For Peruvian and overseas visitors alike, Ancash offers more in terms of trekking and climbing, beautiful snowcapped scenery, “alpine” flora and fauna and glaciated valleys than anywhere else in the country. It is also extremely rich in history and pre-Colombian remains as well as possessing a truly traditional living culture. Given the severe earthquake damage this area has suffered throughout the twentieth century, it may lack some of the colonial charm seen in Cusco, Arequipa, Cajamarca and Ayacucho, yet more than makes up for it with the majesty and scale of its scenery. At around 3000m above sea level, it is important to acclimatize to the altitude before undertaking any major hikes.
Nestling in the valleys, the departamento’s capital, Huaraz – a six- or seven-hour drive north from Lima – makes an ideal base for exploring the region. It’s the place to stock up, hire guides and mules, or relax after a breathtaking expedition. Besides being close to scores of exhilarating mountain trails, the city is also near the ancient Andean treasure, Chavín de Huantar, an impressive stone temple complex that was at the centre of a culturally significant puma-worshipping religious movement just over 2500 years ago.
Callejón de Conchucos
To the east of the Cordillera Blanca, roughly parallel to the Callejón de Huaylas, runs another long natural corridor, the Callejón de Conchucos. Virtually inaccessible in the wet season, and off the beaten track even for the most hardened of backpackers, the valley represents quite a challenge, and while it features the town of Pomabamba in the north and the spectacular ruins at Chavín de Huantar just beyond its southern limit, there’s little of interest between the two.
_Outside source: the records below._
(* Let $\Gamma$ be a Taylor graph with vertex set $X$, let $x\in X$, and let $W$ be an irreducible $T(x)$-module. Then the endpoint of $W$ is either $0$ or $1$.
   Context: A Taylor graph is a distance-regular graph with intersection array $\{k,b,1;1,b,k\}$ where $b<k-1$; it has diameter $3$. Let $A$ be its adjacency matrix, $\partial$ its distance, $V=\mathbb{C}^X$, and for $0\le i\le 3$ let $E^*_i(x)$ be the diagonal matrix with $(E^*_i(x))_{yy}=1$ if $\partial(x,y)=i$ and $0$ otherwise. The Terwilliger algebra $T(x)$ is the subalgebra of $\mathrm{Mat}_X(\mathbb{C})$ generated by $A,E^*_0(x),\dots,E^*_3(x)$. A $T(x)$-module is a subspace $W\subseteq V$ with $BW\subseteq W$ for all $B\in T(x)$; it is irreducible if nonzero with no submodules other than $0,W$. The endpoint of an irreducible $T(x)$-module $W$ is $\min\{i: E^*_i(x)W\neq 0\}$. *)

theory Defs
  imports Complex_Main
begin

definition simple_graph :: "('a \<Rightarrow> 'a \<Rightarrow> bool) \<Rightarrow> bool" where
  "simple_graph E \<longleftrightarrow> (\<forall>x y. E x y \<longrightarrow> E y x) \<and> (\<forall>x. \<not> E x x)"

definition connected_graph :: "('a \<Rightarrow> 'a \<Rightarrow> bool) \<Rightarrow> bool" where
  "connected_graph E \<longleftrightarrow> (\<forall>x y. \<exists>n. (E ^^ n) x y)"

definition gdist :: "('a \<Rightarrow> 'a \<Rightarrow> bool) \<Rightarrow> 'a \<Rightarrow> 'a \<Rightarrow> nat" where
  "gdist E x y = (LEAST n. (E ^^ n) x y)"

definition distance_regular ::
  "('a::finite \<Rightarrow> 'a \<Rightarrow> bool) \<Rightarrow> nat \<Rightarrow> (nat \<Rightarrow> nat) \<Rightarrow> (nat \<Rightarrow> nat) \<Rightarrow> bool" where
  "distance_regular E d bs cs \<longleftrightarrow>
     simple_graph E \<and> connected_graph E \<and>
     (\<forall>x y. gdist E x y \<le> d) \<and> (\<exists>x y. gdist E x y = d) \<and>
     (\<forall>x y. \<forall>i. gdist E x y = i \<longrightarrow>
        card {z. E y z \<and> gdist E x z = i + 1} = (if i < d then bs i else 0) \<and>
        card {z. E y z \<and> gdist E x z + 1 = i} = (if 0 < i then cs i else 0))"

text \<open>Taylor graph: intersection array {k,b,1;1,b,k} with b < k - 1.\<close>
definition taylor_graph :: "('a::finite \<Rightarrow> 'a \<Rightarrow> bool) \<Rightarrow> nat \<Rightarrow> nat \<Rightarrow> bool" where
  "taylor_graph E k b \<longleftrightarrow> int b < int k - 1 \<and>
     distance_regular E 3 (\<lambda>i. if i = 0 then k else if i = 1 then b else 1)
                          (\<lambda>i. if i = 1 then 1 else if i = 2 then b else k)"

type_synonym 'a cmat = "'a \<Rightarrow> 'a \<Rightarrow> complex"
type_synonym 'a cvec = "'a \<Rightarrow> complex"

definition mmult :: "'a::finite cmat \<Rightarrow> 'a cmat \<Rightarrow> 'a cmat" where
  "mmult M N = (\<lambda>i j. \<Sum>l\<in>UNIV. M i l * N l j)"

definition mvec :: "'a::finite cmat \<Rightarrow> 'a cvec \<Rightarrow> 'a cvec" where
  "mvec M v = (\<lambda>i. \<Sum>j\<in>UNIV. M i j * v j)"

definition adj_mat :: "('a \<Rightarrow> 'a \<Rightarrow> bool) \<Rightarrow> 'a cmat" where
  "adj_mat E = (\<lambda>y z. if E y z then 1 else 0)"

definition dual_idem :: "('a \<Rightarrow> 'a \<Rightarrow> bool) \<Rightarrow> 'a \<Rightarrow> nat \<Rightarrow> 'a cmat" where
  "dual_idem E x i = (\<lambda>y z. if y = z \<and> gdist E x y = i then 1 else 0)"

inductive_set terwilliger :: "('a::finite \<Rightarrow> 'a \<Rightarrow> bool) \<Rightarrow> 'a \<Rightarrow> 'a cmat set"
  for E x where
  gen_A: "adj_mat E \<in> terwilliger E x"
| gen_E: "i \<le> 3 \<Longrightarrow> dual_idem E x i \<in> terwilliger E x"
| one: "(\<lambda>y z. if y = z then 1 else 0) \<in> terwilliger E x"
| add: "M \<in> terwilliger E x \<Longrightarrow> N \<in> terwilliger E x \<Longrightarrow> (\<lambda>i j. M i j + N i j) \<in> terwilliger E x"
| smult: "M \<in> terwilliger E x \<Longrightarrow> (\<lambda>i j. c * M i j) \<in> terwilliger E x"
| mult: "M \<in> terwilliger E x \<Longrightarrow> N \<in> terwilliger E x \<Longrightarrow> mmult M N \<in> terwilliger E x"

definition csubspace_fun :: "'a cvec set \<Rightarrow> bool" where
  "csubspace_fun W \<longleftrightarrow> (\<lambda>_. 0) \<in> W \<and>
     (\<forall>u\<in>W. \<forall>v\<in>W. (\<lambda>i. u i + v i) \<in> W) \<and>
     (\<forall>c. \<forall>u\<in>W. (\<lambda>i. c * u i) \<in> W)"

definition T_module :: "('a::finite \<Rightarrow> 'a \<Rightarrow> bool) \<Rightarrow> 'a \<Rightarrow> 'a cvec set \<Rightarrow> bool" where
  "T_module E x W \<longleftrightarrow> csubspace_fun W \<and>
     (\<forall>B\<in>terwilliger E x. \<forall>v\<in>W. mvec B v \<in> W)"

definition irreducible_T_module :: "('a::finite \<Rightarrow> 'a \<Rightarrow> bool) \<Rightarrow> 'a \<Rightarrow> 'a cvec set \<Rightarrow> bool" where
  "irreducible_T_module E x W \<longleftrightarrow> T_module E x W \<and> W \<noteq> {\<lambda>_. 0} \<and>
     (\<forall>U. T_module E x U \<and> U \<subseteq> W \<longrightarrow> U = {\<lambda>_. 0} \<or> U = W)"

definition endpoint :: "('a::finite \<Rightarrow> 'a \<Rightarrow> bool) \<Rightarrow> 'a \<Rightarrow> 'a cvec set \<Rightarrow> nat" where
  "endpoint E x W = (LEAST i. \<exists>v\<in>W. mvec (dual_idem E x i) v \<noteq> (\<lambda>_. 0))"

end

theory Submission
  imports Defs
begin

(* If an irreducible T(x)-module W had endpoint at least 2, every vector of W would vanish on
   the vertices at distance at most 1 from x; we show that such a T(x)-module is zero.
   In a Taylor graph every vertex u has a unique antipode u' (the only vertex at distance 3),
   and the neighbours of x' are exactly the vertices at distance 2 from x.  For v in W and a
   neighbour y of x, (A^2 E*_3 v)(y) = b v(x'), so v also vanishes at x'.  Hence v lives on the
   vertices at distance 2 from x, and (A v)(x') is the total sum of v.  For such a vertex z,
   its antipode y is a neighbour of x; writing S_j for the sum of v over the vertices at
   distance j from y, the vanishing of (A v)(y) = S_1 and (A^2 v)(y) = (k - b - 1) S_1 + b S_2
   gives S_1 = S_2 = 0, and the total sum S_1 + S_2 + S_3 = S_3 = v z is zero as well. *)

lemma mvec_adj_mat: "mvec (adj_mat E) v y = (\<Sum>z\<in>{z. E y z}. v z)"
  unfolding mvec_def adj_mat_def of_bool_def[symmetric] by simp

lemma mvec_dual_idem: "mvec (dual_idem E x i) v y = (if gdist E x y = i then v y else 0)"
  unfolding mvec_def dual_idem_def of_bool_def[symmetric] by (simp add: Int_def)

lemma mvec_mvec: "mvec M (mvec N v) = mvec (mmult M N) v"
proof
  fix i
  have "mvec M (mvec N v) i = (\<Sum>l\<in>UNIV. \<Sum>j\<in>UNIV. M i l * N l j * v j)"
    by (simp add: mvec_def sum_distrib_left mult.assoc)
  also have "\<dots> = (\<Sum>j\<in>UNIV. \<Sum>l\<in>UNIV. M i l * N l j * v j)"
    by (rule sum.swap)
  also have "\<dots> = mvec (mmult M N) v i"
    by (simp add: mvec_def mmult_def sum_distrib_right)
  finally show "mvec M (mvec N v) i = mvec (mmult M N) v i" .
qed

lemma mmult_adj_mat: "mmult (adj_mat E) (adj_mat E) y z = of_nat (card {s. E y s \<and> E s z})"
  unfolding mmult_def adj_mat_def of_bool_def[symmetric]
  by (simp add: of_bool_conj[symmetric] Int_def)

lemma mvec_adj_mat_square:
  "mvec (adj_mat E) (mvec (adj_mat E) v) y =
     (\<Sum>z\<in>UNIV. of_nat (card {s. E y s \<and> E s z}) * v z)"
  unfolding mvec_mvec by (simp add: mvec_def mmult_adj_mat)

lemma T_module_zero: "T_module E x W \<Longrightarrow> (\<lambda>_. 0) \<in> W"
  unfolding T_module_def csubspace_fun_def by blast

lemma T_module_adj_mat: "T_module E x W \<Longrightarrow> v \<in> W \<Longrightarrow> mvec (adj_mat E) v \<in> W"
  unfolding T_module_def using terwilliger.gen_A by blast

lemma T_module_dual_idem:
  "T_module E x W \<Longrightarrow> i \<le> 3 \<Longrightarrow> v \<in> W \<Longrightarrow> mvec (dual_idem E x i) v \<in> W"
  unfolding T_module_def using terwilliger.gen_E by blast

lemma vanishes_below_endpoint:
  assumes "i < endpoint E x W" and "v \<in> W" and "gdist E x y = i"
  shows "v y = 0"
proof -
  have "mvec (dual_idem E x i) v = (\<lambda>_. 0)"
    using not_less_Least[OF assms(1)[unfolded endpoint_def]] assms(2) by blast
  then show ?thesis
    using mvec_dual_idem[of E x i v y] assms(3) by metis
qed

lemma gdist_le_relpowp: "(E ^^ n) u v \<Longrightarrow> gdist E u v \<le> n"
  unfolding gdist_def by (rule Least_le)

locale connected_simple_graph =
  fixes E :: "'a \<Rightarrow> 'a \<Rightarrow> bool"
  assumes simple: "simple_graph E" and connected: "connected_graph E"
begin

lemma adj_sym: "E u v \<Longrightarrow> E v u"
  using simple unfolding simple_graph_def by blast

lemma adj_irrefl: "\<not> E u u"
  using simple unfolding simple_graph_def by blast

lemma relpowp_gdist: "(E ^^ gdist E u v) u v"
  using connected unfolding gdist_def connected_graph_def by (metis LeastI_ex)

lemma relpowp_sym: "(E ^^ n) u v \<Longrightarrow> (E ^^ n) v u"
proof (induction n arbitrary: v)
  case 0
  then show ?case by simp
next
  case (Suc n)
  from Suc.prems obtain w where "(E ^^ n) u w" and "E w v"
    by (rule relpowp_Suc_E)
  then show ?case
    using Suc.IH relpowp_Suc_I2 adj_sym by metis
qed

lemma gdist_sym: "gdist E u v = gdist E v u"
  using gdist_le_relpowp[OF relpowp_sym[OF relpowp_gdist]] le_antisym by metis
The villages of Piscobamba (Valley or Plain of the Birds) and Huari are likely to appeal only as food stops on the long haul (141km) through barren mountains between Pomabamba and Chavín.
The Callejón de Conchucos was out of bounds to travellers between 1988 and 1993, when it was under almost complete Sendero Luminoso terrorist control; many of the locals were forced to flee the valley after actual or threatened violence from the terrorists. The region’s more distant history was equally turbulent and cut off from the rest of Peru, particularly from the seat of colonial and Republican power on the coast. Until the Conquest, this region was home to one of the fiercest ancient tribes – the Conchucos – who surged down the Santa Valley and besieged the Spanish city of Trujillo in 1536. By the end of the sixteenth century, however, even the fearless Conchuco warriors had been reduced to virtual slavery by the colonial encomendero system.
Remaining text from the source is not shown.